There's of course more to this issue but given what I have found out today I have a fairly good idea of where to go from here. Of course, any additional suggestions/comments are welcome.
This questions should probably be recategorized as dealing with memory usage rather than threadpools... The threadpool wasn't the problem at all.
I agree with #djna.
Thread Pool of java concurrency package works. It does not create threads if it does not need them. You see that number of threads is as expected. This means that probably something in your legacy code is not ready for multithreading. For example some code fragment is not synchronized. As a result some element is not removed from collection. Or some additional elements are stored in collection. So, the memory usage is growing.

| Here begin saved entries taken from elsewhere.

(* There is the following behaviour of the Wainwright–Hsu flow $\Phi$: for every $\epsilon>0$ there exist a Bianchi VIII point $y_\epsilon\in\mathbb{R}^5$ satisfying the constraint, whose Euclidean distance in $\mathbb{R}^5$ to the Kasner circle is less than $\epsilon$, and a real number $T_\epsilon>0$, such that $\Phi(-T_\epsilon,y_\epsilon)=(\Sigma_+,\Sigma_-,N_1,N_2,N_3)$ is a Bianchi VIII point with $|N_1N_2|+|N_2N_3|+|N_3N_1|\geq\frac14$.
   Context: Wainwright–Hsu system: for functions $N_1,N_2,N_3,\Sigma_+,\Sigma_-$ of $\tau\in\mathbb{R}$ (prime denotes $d/d\tau$), $N_1'=(q-4\Sigma_+)N_1$, $N_2'=(q+2\Sigma_++2\sqrt3\Sigma_-)N_2$, $N_3'=(q+2\Sigma_+-2\sqrt3\Sigma_-)N_3$, $\Sigma_+'=-(2-q)\Sigma_+-3S_+$, $\Sigma_-'=-(2-q)\Sigma_--3S_-$, where $q=2(\Sigma_+^2+\Sigma_-^2)$, $S_+=\frac12[(N_2-N_3)^2-N_1(2N_1-N_2-N_3)]$, $S_-=\frac{\sqrt3}{2}(N_3-N_2)(N_1-N_2-N_3)$, together with the constraint $\Sigma_+^2+\Sigma_-^2+\frac34[N_1^2+N_2^2+N_3^2-2(N_1N_2+N_2N_3+N_1N_3)]=1$. $\Phi(\tau,x)$ denotes the solution with initial value $x$ at $\tau=0$ evaluated at time $\tau$ (defined for all $\tau$ for non–type IX $x$). A Bianchi VIII point is one with all $N_i\neq0$, two of them of one sign and the third of the opposite sign. The Kasner circle is the set $N_1=N_2=N_3=0$, $\Sigma_+^2+\Sigma_-^2=1$. *)

theory Defs
  imports "HOL-Analysis.Analysis"
begin

text \<open>States are points (Sigma_plus, Sigma_minus, N1, N2, N3) of R^5, represented as
  nested pairs; the product norm is the Euclidean norm of R^5.\<close>

type_synonym wh_state = "real \<times> real \<times> real \<times> real \<times> real"

definition wh_q :: "real \<Rightarrow> real \<Rightarrow> real" where
  "wh_q sp sm = 2 * (sp\<^sup>2 + sm\<^sup>2)"

definition wh_Splus :: "real \<Rightarrow> real \<Rightarrow> real \<Rightarrow> real" where
  "wh_Splus n1 n2 n3 = (1/2) * ((n2 - n3)\<^sup>2 - n1 * (2*n1 - n2 - n3))"

definition wh_Sminus :: "real \<Rightarrow> real \<Rightarrow> real \<Rightarrow> real" where
  "wh_Sminus n1 n2 n3 = (sqrt 3 / 2) * (n3 - n2) * (n1 - n2 - n3)"

definition wh_field :: "wh_state \<Rightarrow> wh_state" where
  "wh_field x = (case x of (sp, sm, n1, n2, n3) \<Rightarrow>
     (let q = wh_q sp sm in
      (-(2 - q) * sp - 3 * wh_Splus n1 n2 n3,
       -(2 - q) * sm - 3 * wh_Sminus n1 n2 n3,
       (q - 4 * sp) * n1,
       (q + 2 * sp + 2 * sqrt 3 * sm) * n2,
       (q + 2 * sp - 2 * sqrt 3 * sm) * n3)))"

definition wh_constraint :: "wh_state \<Rightarrow> bool" where
  "wh_constraint x = (case x of (sp, sm, n1, n2, n3) \<Rightarrow>
     sp\<^sup>2 + sm\<^sup>2 + (3/4) * (n1\<^sup>2 + n2\<^sup>2 + n3\<^sup>2 - 2 * (n1*n2 + n2*n3 + n1*n3)) = 1)"

definition wh_solution :: "(real \<Rightarrow> wh_state) \<Rightarrow> bool" where
  "wh_solution \<phi> = (\<forall>t. (\<phi> has_vector_derivative wh_field (\<phi> t)) (at t))"

definition Phi :: "real \<Rightarrow> wh_state \<Rightarrow> wh_state" where
  "Phi \<tau> x = (THE \<phi>. wh_solution \<phi> \<and> \<phi> 0 = x) \<tau>"

definition bianchi_VIII :: "wh_state \<Rightarrow> bool" where
  "bianchi_VIII x = (case x of (sp, sm, n1, n2, n3) \<Rightarrow>
     n1 \<noteq> 0 \<and> n2 \<noteq> 0 \<and> n3 \<noteq> 0 \<and>
     ((sgn n1 = sgn n2 \<and> sgn n3 = - sgn n1) \<or>
      (sgn n2 = sgn n3 \<and> sgn n1 = - sgn n2) \<or>
      (sgn n1 = sgn n3 \<and> sgn n2 = - sgn n1)))"

definition kasner_circle :: "wh_state set" where
  "kasner_circle = {(sp, sm, 0, 0, 0) | sp sm. sp\<^sup>2 + sm\<^sup>2 = 1}"

end

theory Submission
  imports Defs
begin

BTW I did not understand exactly which part of the application uses threadpool now. Did you have one thread that processes events and now you have several threads that do this? Have you probably changed the inter-thread communication mechanism? Added queues? This may be yet another direction of your investigation.
Good luck!
As mentioned by djna, it's likely some type of memory leak. My guess would be that you're keeping a reference to the request around somewhere:
In the dispatcher thread that's queuing the requests
In the threads that deal with the requests
In the black box that's handling the requests
In the writer thread that writes to disk.
Since you said everything works find before you add the thread pool into the mix, my guess would be that the threads in the pool are keeping a reference to the request somewhere. Th idea being that, without the threadpool, you aren't reusing threads so the information goes away.
As recommended by djna, you can use a Java memory analyzer to help figure out where the data is stacking up.